Rzecznik prasowy niemieckiego ministerstwa obrony zapowiedział, że do końca roku zostanie uczyniony kolejny krok w wyborze nowego samolotu bojowego dla Luftwaffe. Nie wiadomo, co dokładnie kryje się pod tym określeniem, ale raczej nie należy się spodziewać ogłoszenia konkretnego zwycięzcy.
Jak informuje anonimowe źródło zaangażowane w procedurę wyboru, tym krokiem prawdopodobnie będzie zawężenie liczby kandydatów z czterech do dwóch. Najbardziej prawdopodobnymi kandydatami do pozostania w walce o kontrakt są F-35 i Eurofigher. Niemiecka minister obrony Ursula von der Leyen optuje za samolotem europejskim, ale rozważane są także trzy kandydatury amerykańskie: F-35, F-15 i F/A-18E/F.
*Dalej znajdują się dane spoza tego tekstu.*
(* Let $f=f_{TS_1S_2}$ be a probability density on the joint space of continuous real random variables $(T,S_1,S_2)$ such that $f$ and all its marginal densities are bounded from below by some $\xi>0$. Then the global redundancy $$ I^{\mathrm{sx}}_\cap[f]=\int \mathrm{d}t\,\mathrm{d}s_1\,\mathrm{d}s_2\; f(t,s_1,s_2)\, i^{\mathrm{sx}}_\cap[f](t,\{s_1\}\{s_2\}), \qquad i^{\mathrm{sx}}_\cap[f](t,\{s_1\}\{s_2\})=\log_2\left[\frac{f_{TS_1}(t,s_1)+f_{TS_2}(t,s_2)}{f_T(t)\,(f_{S_1}(s_1)+f_{S_2}(s_2))}\right], $$ is a smooth functional of the underlying density $f$.
   Context: $f_T,f_{S_1},f_{S_2},f_{TS_1},f_{TS_2}$ denote the marginal densities of $f$. Smoothness of the functional refers to differentiability (of all orders) of $\epsilon\mapsto I^{\mathrm{sx}}_\cap[f+\epsilon g]$ for perturbation directions $g$. *)

theory Defs
  imports "HOL-Analysis.Analysis"
begin

text \<open>Joint space of (T,S1,S2): the box X x Y x Z of real sets (the supports of the
  three variables); densities are curried functions f t s1 s2.\<close>

definition M3 :: "(real \<times> real \<times> real) measure" where
  "M3 = lborel \<Otimes>\<^sub>M (lborel \<Otimes>\<^sub>M lborel)"

definition marg_TS1 :: "real set \<Rightarrow> real set \<Rightarrow> real set \<Rightarrow> (real \<Rightarrow> real \<Rightarrow> real \<Rightarrow> real) \<Rightarrow> real \<Rightarrow> real \<Rightarrow> real" where
  "marg_TS1 X Y Z f t s1 = (LINT s2:Z|lborel. f t s1 s2)"

definition marg_TS2 :: "real set \<Rightarrow> real set \<Rightarrow> real set \<Rightarrow> (real \<Rightarrow> real \<Rightarrow> real \<Rightarrow> real) \<Rightarrow> real \<Rightarrow> real \<Rightarrow> real" where
  "marg_TS2 X Y Z f t s2 = (LINT s1:Y|lborel. f t s1 s2)"

definition marg_T :: "real set \<Rightarrow> real set \<Rightarrow> real set \<Rightarrow> (real \<Rightarrow> real \<Rightarrow> real \<Rightarrow> real) \<Rightarrow> real \<Rightarrow> real" where
  "marg_T X Y Z f t = (LINT s1:Y|lborel. marg_TS1 X Y Z f t s1)"

definition marg_S1 :: "real set \<Rightarrow> real set \<Rightarrow> real set \<Rightarrow> (real \<Rightarrow> real \<Rightarrow> real \<Rightarrow> real) \<Rightarrow> real \<Rightarrow> real" where
  "marg_S1 X Y Z f s1 = (LINT t:X|lborel. marg_TS1 X Y Z f t s1)"

definition marg_S2 :: "real set \<Rightarrow> real set \<Rightarrow> real set \<Rightarrow> (real \<Rightarrow> real \<Rightarrow> real \<Rightarrow> real) \<Rightarrow> real \<Rightarrow> real" where
  "marg_S2 X Y Z f s2 = (LINT t:X|lborel. marg_TS2 X Y Z f t s2)"

definition i_sx_cap :: "real set \<Rightarrow> real set \<Rightarrow> real set \<Rightarrow> (real \<Rightarrow> real \<Rightarrow> real \<Rightarrow> real) \<Rightarrow> real \<Rightarrow> real \<Rightarrow> real \<Rightarrow> real" where
  "i_sx_cap X Y Z f t s1 s2 =
     log 2 ((marg_TS1 X Y Z f t s1 + marg_TS2 X Y Z f t s2) /
            (marg_T X Y Z f t * (marg_S1 X Y Z f s1 + marg_S2 X Y Z f s2)))"

definition I_sx_cap :: "real set \<Rightarrow> real set \<Rightarrow> real set \<Rightarrow> (real \<Rightarrow> real \<Rightarrow> real \<Rightarrow> real) \<Rightarrow> real" where
  "I_sx_cap X Y Z f =
     (LINT x:(X \<times> Y \<times> Z)|M3. f (fst x) (fst (snd x)) (snd (snd x)) *
        i_sx_cap X Y Z f (fst x) (fst (snd x)) (snd (snd x)))"

end

theory Submission
  imports Defs
begin

text \<open>
  Perturb f by a bounded measurable g. All marginals of f + e g are affine in e, and the lower
  bound \<xi> on f and its marginals forces X, Y, Z to have finite measure, so the marginals of g are
  bounded and their ratios to the corresponding marginals of f are bounded by some q. By the series
  of ln (1 + z), for |e| < 1/q the local redundancy of f + e g is that of f plus a power series
  in e whose coefficients decay like q^n, uniformly on the support. Integrating term by term
  against f + e g writes I[f + e g] as a power series plus e times a power series, hence a smooth
  function of e. If f times its local redundancy is not integrable then, because f + e g stays
  bounded below, neither is the perturbed integrand, and I[f + e g] is the junk value 0 for all
  small e.
\<close>

section \<open>Integrability and termwise integration\<close>

abbreviation uncurry3 :: "('a \<Rightarrow> 'b \<Rightarrow> 'c \<Rightarrow> 'd) \<Rightarrow> 'a \<times> 'b \<times> 'c \<Rightarrow> 'd" where
  "uncurry3 h x \<equiv> h (fst x) (fst (snd x)) (snd (snd x))"

lemma set_integrable_mult_bounded:
  fixes h k :: "'a \<Rightarrow> real"
  assumes h: "set_integrable M A h" and k: "k \<in> borel_measurable M"
    and bound: "\<And>x. x \<in> A \<Longrightarrow> \<bar>k x\<bar> \<le> C"
  shows "set_integrable M A (\<lambda>x. h x * k x)"
proof (rule set_integrable_bound)
  show "set_integrable M A (\<lambda>x. C * h x)"
    using h by simp
  have "(\<lambda>x. (indicator A x *\<^sub>R h x) * k x) \<in> borel_measurable M"
    using h k unfolding set_integrable_def by measurable
  then show "set_borel_measurable M A (\<lambda>x. h x * k x)"
    unfolding set_borel_measurable_def by (simp add: mult.assoc)
  show "AE x in M. x \<in> A \<longrightarrow> norm (h x * k x) \<le> norm (C * h x)"
  proof (intro AE_I2 impI)
    fix x assume "x \<in> A"
    then have "\<bar>k x\<bar> \<le> \<bar>C\<bar>"
      using bound order_trans abs_ge_self by blast
    then show "norm (h x * k x) \<le> norm (C * h x)"
      by (simp add: abs_mult mult.commute[of "\<bar>C\<bar>"] mult_left_mono)
  qed
qed
definition mixed_basis :: "nat \<Rightarrow> nat \<Rightarrow> vec" where
  "mixed_basis j i = block_vec (i div 6) (block_basis (i div 6 < j) (i mod 6))"

definition mixed_coords :: "nat \<Rightarrow> nat \<Rightarrow> vec \<Rightarrow> nat \<Rightarrow> real" where
  "mixed_coords k j v i =
     (if i < 6 * k then (\<Sum>c<6. block (i div 6) v c * block_dual (i div 6 < j) c (i mod 6)) else 0)"

lemma block_index_less: "m < k \<Longrightarrow> r < 6 \<Longrightarrow> 6 * m + r < 6 * (k :: nat)"
  by linarith

lemma lin_comb_mixed_basis:
  assumes "q < 6 * k"
  shows "lin_comb (6 * k) (mixed_basis j) a q =
    (\<Sum>r<6. block (q div 6) a r * block_basis (q div 6 < j) r (q mod 6))"
proof -
  have "q div 6 < k"
    using assms by linarith
  then have "lin_comb (6 * k) (mixed_basis j) a q =
      (\<Sum>r<6. a (6 * (q div 6) + r) * mixed_basis j (6 * (q div 6) + r) q)"
    unfolding lin_comb_def by (rule sum_lessThan_mult_block) (simp add: mixed_basis_def block_vec_def)
  then show ?thesis
    by (simp add: mixed_basis_def block_vec_def block_def)
qed

lemma mixed_basis_in_Vsp: "i < 6 * k \<Longrightarrow> mixed_basis j i \<in> Vsp (6 * k)"
  unfolding mixed_basis_def by (intro block_vec_in_Vsp) linarith

lemma lin_comb_mixed_coords:
  assumes "v \<in> Vsp (6 * k)"
  shows "lin_comb (6 * k) (mixed_basis j) (mixed_coords k j v) = v"
proof
  fix q
  show "lin_comb (6 * k) (mixed_basis j) (mixed_coords k j v) q = v q"
  proof (cases "q < 6 * k")
    case True
    then have "q div 6 < k"
      by linarith
    then have "block (q div 6) (mixed_coords k j v) r =
        (\<Sum>c<6. block (q div 6) v c * block_dual (q div 6 < j) c r)" if "r < 6" for r
      using that by (simp add: block_def mixed_coords_def block_index_less)
    with True show ?thesis
      by (simp add: lin_comb_mixed_basis block_dual_block_basis) (simp add: block_def)
  next
    case False
    then show ?thesis
      using Vsp_vanishes[OF assms] Vsp_vanishes[OF lin_comb_in_Vsp[OF mixed_basis_in_Vsp]] by simp
  qed
qed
Niemcy rozważają różne scenariusze, wśród których są opcje zakupienia jednego typu, zakupienia dwóch typów, a nawet przedłużenia służby Tornad. To, że ministerstwo obrony pytało producentów, czy są w stanie dostarczyć samoloty przed 2025 rokiem, sugeruje wszakże, iż utrzymanie Tornad w sprawności technicznej będzie bardzo drogie i skomplikowane.
Zakup dwóch typów samolotów mógłby być rozwiązaniem kwestii problemu przenoszenia przez samoloty Luftwaffe amerykańskich bomb atomowych w ramach polityki współdzielenia borni jądrowej przez NATO. Eurofighter nie jest przystosowany do przenoszenia amerykańskich bomb, a jego modernizacja będzie droga i czasochłonna. Dlatego rozważa się pomysł zakupu partii czterdziestu pięciu F-35, które będą zdolne do przenoszenia bomb jądrowych oraz około siedemdziesięciu pięciu Eurofighterów, które zastąpią jednocześnie pozostałe wycofane Tornada i najstarsze Eurofightery Tranche 1.
Taki ruch pozwoliłby jednocześnie utrzymać zdolność do przenoszenia broni jądrowej i spełnić strategiczne założenie Luftwaffe co do posiadania w służbie co najmniej dwóch typów samolotów bojowych. Wymóg posiadania dwóch typów samolotów jest podyktowany kwestiami operacyjnymi – daje możliwość wykorzystania drugiego samolotu, gdy skorzystanie z pierwszego nie jest możliwe z przyczyn politycznych – a także kwestiami bezpieczeństwa. W razie wykrycia usterki i uziemienia wszystkich samolotów danego typu pozostała część lotnictwa pozostaje w gotowości.